Anubi D’Avossa Lussurgiu, ragazzo della PanteraÈ tornato spesso il nome di Walter Benjamin, nel saluto pubblico ad Anubi
D’Avossa Lussurgiu, che si è svolto a Roma – straziante – lo scorso sabato. Di
Anubi, di passioni teoriche sovrabbondanti, Benjamin è stata l’ultima. Un
saggio, tra i tanti mozzafiato, mi è balzato alla mente: Il compito del
traduttore, del 1921-1923.
Anubi era un traduttore: di culture politiche, di mondi culturali, di forme di
vita. Viveva al limite, sempre. Nel senso che stava tra un mondo e l’altro, nel
mezzo – «la vita sta nel mezzo» (Bluvertigo). Tra giornale e partito, tra
partito e movimenti, tra movimenti e sindacati. Stando nel mezzo, transitava,
una sorta di cantiere vivente. Coerentemente con le sue passioni teoriche
ultime, sostava in una zona di indeterminazione tra potenza e atto. Sempre
potenziale, mai compiuto: inquieto.
L’indeterminazione è stata la sua virtù, la sua grandezza. Nessuno, come lui,
sapeva attraversare paesaggi umani e politici disparati – gli stessi che si sono
ritrovati al Verano, lo scorso sabato. In ognuno di essi, Anubi andava alla
sostanza dei problemi, di ognuno ne assumeva le sembianze, le movenze; ogni
paesaggio, però, era solo un approdo temporaneo. La sua grandezza, dunque, ma
anche la sua fatica. Quando, dopo Genova, la sua (e la nostra) scommessa – il
movimento dei movimenti, autonomi e Rifondazione insieme – naufraga, e lo fa
nonostante gli oltre cento milioni di donne e uomini in piazza contro la guerra
di Bush junior (nella primavera del 2003), lo smottamento fu pesante. Quella di
Anubi fu una sofferenza vera, carnale, mai più risolta – forse.
Prevalse allora uno sradicamento erratico, tanto brioso, quanto (apparentemente)
insoddisfatto, a volte scomposto. Brioso, perché la ricerca del nuovo, nel mezzo
delle cose, era pura adrenalina per Anubi. Insoddisfatto, perché appariva, agli
occhi degli amici più cari, smanioso, per molti versi disordinato, spesso
dissipativo. Gli amici, io tra questi, non lo capirono più tanto.
Ho avuto la fortuna di conoscere Anubi a dodici anni. Nel 1990, l’anno della
Pantera. Per un periodo, circa sei mesi nel 1991 (a mio ricordo), visse
addirittura a Ciampino, nella casa in affitto nella quale ero cresciuto e dove,
a seguire, vivevano Paolo e Silva, i miei zii. Con loro, che da studenti fuori
corso si erano riaffacciati nei movimenti con la Pantera, Anubi si era legato.
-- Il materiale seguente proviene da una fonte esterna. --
(* Let $n\ge1$. The coefficient of $x^{n-1}$ in the expansion of \[\frac{G(x)-H(x)}{x^2}\,(1+a(x)x^2)\] has the form $u\big(a_{n-1}+S_0(n)+S_1(n)v+S_2(n)v^2+\cdots+S_n(n)v^n\big)$, where $u=2j-1$, $v=j(j-1)$, and each $S_i(n)$ is a polynomial in $a_0,a_1,\dots,a_{n-2}$ with rational coefficients which is independent of $j$. In particular, $S_0(1)=0$ and $S_1(1)=\tfrac16$.
   Context: $j$ is a positive integer; $a_0,a_1,\dots$ are indeterminates and $a(x)=\sum_{i\ge0}a_ix^i$ (formal power series in $x$). Set $G(x)=\prod_{i=0}^{j-1}\frac{1+a(x)x^2}{1+ix}$ and $H(x)=\prod_{i=1-j}^{-1}\frac{1+ix}{1+a(x)x^2}$ (so $G(x)=1+a(x)x^2$ and $H(x)=1$ when $j=1$), viewed as formal power series in $x$. *)

theory Defs
  imports "HOL-Library.Poly_Mapping" "HOL-Computational_Algebra.Formal_Power_Series"
    "HOL-Computational_Algebra.Fraction_Field"
begin

text \<open>Polynomials with rational coefficients in the indeterminates a_0, a_1, ...:
  a polynomial is a finitely supported map from monomials (finitely supported
  exponent vectors nat =>0 nat; variable k stands for a_k) to rational coefficients.\<close>
type_synonym mpoly_q = "(nat \<Rightarrow>\<^sub>0 nat) \<Rightarrow>\<^sub>0 rat"

type_synonym ratfun_q = "mpoly_q fract"

definition mp_var :: "nat \<Rightarrow> mpoly_q" where
  "mp_var k = Poly_Mapping.single (Poly_Mapping.single k 1) 1"

definition mp_const :: "rat \<Rightarrow> mpoly_q" where
  "mp_const c = Poly_Mapping.single 0 c"

definition mp_vars :: "mpoly_q \<Rightarrow> nat set" where
  "mp_vars p = \<Union> ((\<lambda>m :: nat \<Rightarrow>\<^sub>0 nat. Poly_Mapping.keys m) ` Poly_Mapping.keys p)"

definition emb :: "mpoly_q \<Rightarrow> ratfun_q" where
  "emb p = Fract p 1"

definition aser :: "ratfun_q fps" where
  "aser = Abs_fps (\<lambda>i. emb (mp_var i))"

definition Gser :: "nat \<Rightarrow> ratfun_q fps" where
  "Gser j = (\<Prod>i\<in>{0..<j}. (1 + aser * fps_X ^ 2) / (1 + of_nat i * fps_X))"

definition Hser :: "nat \<Rightarrow> ratfun_q fps" where
  "Hser j = (\<Prod>i\<in>{1 - int j..-1}. (1 + of_int i * fps_X) / (1 + aser * fps_X ^ 2))"

end

(*
  Let \<Gamma>(y, x) = \<Sum>_m g_m(y) x^m be the power series with polynomial coefficients g_m determined by
  \<Gamma>(y + 1, x) (1 + y x) = \<Gamma>(y, x) (1 + a(x) x^2) and \<Gamma>(0, x) = 1. Telescoping the defining
  products gives G = \<Gamma>(j, -) and H = \<Gamma>(1 - j, -), so the coefficient in question is P_n(j) for a
  polynomial P_n of degree at most 2n + 2 with P_n(1 - y) = - P_n(y). Such a polynomial has the form
  (2y - 1) B(y^2 - y) with deg B <= n. The variable a_(n-1) enters P_n only through the term
  a_(n-1) y of g_(n+1); all other coefficients lie in Q[a_0, ..., a_(n-2)]. For n = 1 the explicit
  g_2 gives S_1(1) = 1/6.
*)
theory Submission
  imports Defs "HOL-Computational_Algebra.Polynomial"
begin

instance fract :: ("{idom, ring_char_0}") field_char_0
  by standard (auto intro!: injI simp: of_nat_fract eq_fract)

lemma emb_add: "emb (p + q) = emb p + emb q"
  by (simp add: emb_def)

lemma emb_mult: "emb (p * q) = emb p * emb q"
  by (simp add: emb_def)

lemma emb_uminus: "emb (- p) = - emb p"
  by (simp add: emb_def)

lemma emb_of_int: "emb (of_int k) = of_int k"
  by (cases k rule: int_cases2) (simp_all add: emb_def of_nat_fract)

lemma emb_mp_const: "emb (mp_const r) = of_rat r"
proof -
  obtain a b where r: "r = of_int a / of_int b" and b: "b > 0"
    by (rule Rats_cases' [of r]) (auto simp: Rats_def)
  have "mp_const r * of_int b = mp_const (r * of_int b)"
    using mult_single [of 0 r 0 "of_int b"] by (simp add: mp_const_def)
  also have "\<dots> = of_int a"
    using b by (simp add: r mp_const_def)
  finally have "emb (mp_const r) * of_int b = of_int a"
    by (metis emb_mult emb_of_int)
  then show ?thesis
    using b by (simp add: r of_rat_divide eq_divide_eq)
qed

lemma mp_vars_add: "mp_vars (p + q) \<subseteq> mp_vars p \<union> mp_vars q"
  unfolding mp_vars_def using keys_add [of p q] by auto

lemma mp_vars_mult: "mp_vars (p * q) \<subseteq> mp_vars p \<union> mp_vars q"
proof
  fix k assume "k \<in> mp_vars (p * q)"
  then obtain m :: "nat \<Rightarrow>\<^sub>0 nat" where m: "m \<in> Poly_Mapping.keys (p * q)" "k \<in> Poly_Mapping.keys m"
    unfolding mp_vars_def by auto
  then obtain m1 m2 where "m = m1 + m2" "m1 \<in> Poly_Mapping.keys p" "m2 \<in> Poly_Mapping.keys q"
    using keys_mult [of p q] by auto
  with m show "k \<in> mp_vars p \<union> mp_vars q"
    using keys_add [of m1 m2] unfolding mp_vars_def by auto
qed

lemma mp_vars_uminus: "mp_vars (- p) = mp_vars p"
  by (simp add: mp_vars_def)

lemma mp_vars_mp_const: "mp_vars (mp_const c) = {}"
  by (simp add: mp_vars_def mp_const_def)

lemma mp_vars_mp_var: "mp_vars (mp_var k) \<subseteq> {k}"
  by (simp add: mp_vars_def mp_var_def)

definition polys_below :: "nat \<Rightarrow> ratfun_q set" where
  "polys_below N = emb ` {p. mp_vars p \<subseteq> {..<N}}"

lemma emb_in_polys_below: "mp_vars p \<subseteq> {..<N} \<Longrightarrow> emb p \<in> polys_below N"
  by (auto simp: polys_below_def)

lemma polys_below_add: "x \<in> polys_below N \<Longrightarrow> y \<in> polys_below N \<Longrightarrow> x + y \<in> polys_below N"
  using mp_vars_add by (fastforce simp: polys_below_def emb_add [symmetric])

lemma polys_below_mult: "x \<in> polys_below N \<Longrightarrow> y \<in> polys_below N \<Longrightarrow> x * y \<in> polys_below N"
  using mp_vars_mult by (fastforce simp: polys_below_def emb_mult [symmetric])

lemma polys_below_uminus: "x \<in> polys_below N \<Longrightarrow> - x \<in> polys_below N"
  by (auto simp: polys_below_def mp_vars_uminus emb_uminus [symmetric])

lemma polys_below_diff: "x \<in> polys_below N \<Longrightarrow> y \<in> polys_below N \<Longrightarrow> x - y \<in> polys_below N"
  using polys_below_add [of x N "- y"] polys_below_uminus by simp

lemma Rats_in_polys_below: "x \<in> \<rat> \<Longrightarrow> x \<in> polys_below N"
  by (auto simp: Rats_def emb_mp_const [symmetric] mp_vars_mp_const intro: emb_in_polys_below)

lemma var_in_polys_below: "k < N \<Longrightarrow> emb (mp_var k) \<in> polys_below N"
  using mp_vars_mp_var by (fastforce intro: emb_in_polys_below)

lemma polys_below_mono: "x \<in> polys_below N \<Longrightarrow> N \<le> M \<Longrightarrow> x \<in> polys_below M"
  by (force simp: polys_below_def)

lemma polys_below_sum: "(\<And>i. i \<in> A \<Longrightarrow> f i \<in> polys_below N) \<Longrightarrow> (\<Sum>i\<in>A. f i) \<in> polys_below N"
  by (induction A rule: infinite_finite_induct) (auto intro: polys_below_add Rats_in_polys_below)

definition coeffs_below :: "nat \<Rightarrow> ratfun_q poly \<Rightarrow> bool" where
  "coeffs_below N p \<longleftrightarrow> (\<forall>i. coeff p i \<in> polys_below N)"

lemma coeffs_below_add: "coeffs_below N p \<Longrightarrow> coeffs_below N q \<Longrightarrow> coeffs_below N (p + q)"
  by (simp add: coeffs_below_def polys_below_add)

lemma coeffs_below_diff: "coeffs_below N p \<Longrightarrow> coeffs_below N q \<Longrightarrow> coeffs_below N (p - q)"
  by (simp add: coeffs_below_def polys_below_diff)

lemma coeffs_below_smult: "c \<in> polys_below N \<Longrightarrow> coeffs_below N p \<Longrightarrow> coeffs_below N (smult c p)"
  by (simp add: coeffs_below_def polys_below_mult)

lemma coeffs_below_mult: "coeffs_below N p \<Longrightarrow> coeffs_below N q \<Longrightarrow> coeffs_below N (p * q)"
  unfolding coeffs_below_def coeff_mult by (auto intro!: polys_below_sum polys_below_mult)

lemma coeffs_below_pCons: "c \<in> polys_below N \<Longrightarrow> coeffs_below N p \<Longrightarrow> coeffs_below N (pCons c p)"
  by (simp add: coeffs_below_def coeff_pCons split: nat.split)

lemma coeffs_below_0: "coeffs_below N 0"
  by (simp add: coeffs_below_def Rats_in_polys_below)

lemma coeffs_below_Rats: "(\<And>i. coeff p i \<in> \<rat>) \<Longrightarrow> coeffs_below N p"
  by (simp add: coeffs_below_def Rats_in_polys_below)

lemma coeffs_below_sum:
  "(\<And>i. i \<in> A \<Longrightarrow> coeffs_below N (f i)) \<Longrightarrow> coeffs_below N (\<Sum>i\<in>A. f i)"
  by (induction A rule: infinite_finite_induct) (auto intro: coeffs_below_0 coeffs_below_add)

lemma coeffs_below_mono: "coeffs_below N p \<Longrightarrow> N \<le> M \<Longrightarrow> coeffs_below M p"
  by (auto simp: coeffs_below_def intro: polys_below_mono)

lemma coeffs_below_pcompose:
  assumes "coeffs_below N p" "coeffs_below N q"
  shows "coeffs_below N (pcompose p q)"
  using assms
proof (induction p)
  case (pCons a p)
  then have "a \<in> polys_below N" "coeffs_below N p"
    unfolding coeffs_below_def by (metis coeff_pCons_0, metis coeff_pCons_Suc)
  with pCons show ?case
    by (auto simp: pcompose_pCons intro!: coeffs_below_add coeffs_below_pCons coeffs_below_0 coeffs_below_mult)
qed (simp add: coeffs_below_0)

lemma coeffs_below_linear: "a \<in> \<rat> \<Longrightarrow> b \<in> \<rat> \<Longrightarrow> coeffs_below N [:a, b:]"
  by (intro coeffs_below_pCons coeffs_below_0 Rats_in_polys_below)

text \<open>\<open>power_sum_poly d\<close> is the polynomial \<open>F\<close> with \<open>F 0 = 0\<close> and \<open>F (x + 1) - F x = x ^ d\<close>; the
  recursion is the binomial expansion of \<open>(x + 1) ^ (d + 1) - x ^ (d + 1)\<close>.\<close>

fun power_sum_poly :: "nat \<Rightarrow> 'a::field_char_0 poly" where
  "power_sum_poly d = smult (inverse (of_nat (Suc d)))
     (monom 1 (Suc d) - (\<Sum>i<d. smult (of_nat (Suc d choose i)) (power_sum_poly i)))"

declare power_sum_poly.simps [simp del]

lemma power_sum_poly_0: "power_sum_poly 0 = [:0, 1:]"
  by (subst power_sum_poly.simps) (simp add: monom_Suc)

lemma poly_power_sum_poly_0: "poly (power_sum_poly d) 0 = 0"
proof (induction d rule: less_induct)
  case (less d)
  then show ?case
    by (subst power_sum_poly.simps) (simp add: poly_sum poly_monom)
qed

lemma degree_power_sum_poly: "degree (power_sum_poly d) \<le> Suc d"
proof (induction d rule: less_induct)
  case (less d)
  have "degree (\<Sum>i<d. smult (of_nat (Suc d choose i)) (power_sum_poly i) :: 'a poly) \<le> Suc d"
    by (rule degree_sum_le) (auto intro: order.trans [OF degree_smult_le] order.trans [OF less])
  then have "degree (monom 1 (Suc d) - (\<Sum>i<d. smult (of_nat (Suc d choose i)) (power_sum_poly i))
      :: 'a poly) \<le> Suc d"
    by (intro degree_diff_le degree_monom_le)
  then show ?case
    by (subst power_sum_poly.simps) (rule order.trans [OF degree_smult_le])
qed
La sua presenza la domenica a pranzo, con mia nonna contadina che storpiava il
suo nome e preparava la lasagna, era per me, per noi tutti in casa, un evento.
Lo ascoltavamo, a volte per ore. Di tutto, su tutto, Anubi riusciva a essere
esaustivo, nel senso che esauriva, nel discorso, tutto ciò che c’era da dire.
Per me, allora, fu un modello.
> Ma è questo il punto: Anubi fu, innanzitutto, la Sapienza. Lo fu lui, con
> migliaia di altre e di altri, durante la Pantera e dopo. Niente si capisce
> della singolarità di Anubi senza ricordare la città universitaria occupata, di
> notte e di giorno. Un pullulare di amori e di odi, di idee e di scommesse
> mancate, di cortei imprevisti e strabordanti, di mattinate plumbee. La
> Sapienza è stata, e sono certo sarà di nuovo, la «fabbrica della strategia».
> Chi non è di Roma, pur mettendocela tutta, non riesce a capire. Perché si è
> trattato di un ecosistema irripetibile, nel rapporto con i centri sociali,
> collettivi di tutte le risme, comitati di quartiere e lotta per l’abitare,
> artisti e smanettoni, randagi.
Anubi, traduttore, è stato la Sapienza. E, al contempo, un compagno privo di
radici, come i personaggi dei romanzi (infiniti) di Joseph Roth. La sua
andatura, le sue camminate veloci quanto i pensieri che affaticavano le
chiacchierate itineranti, erano indice plastico dello sradicamento. Come le sue
sparizioni telefoniche o le sue riapparizioni inaspettate in assemblea. Dove lo
cercavi, non lo trovavi; dove lo trovavi, non lo aspettavi.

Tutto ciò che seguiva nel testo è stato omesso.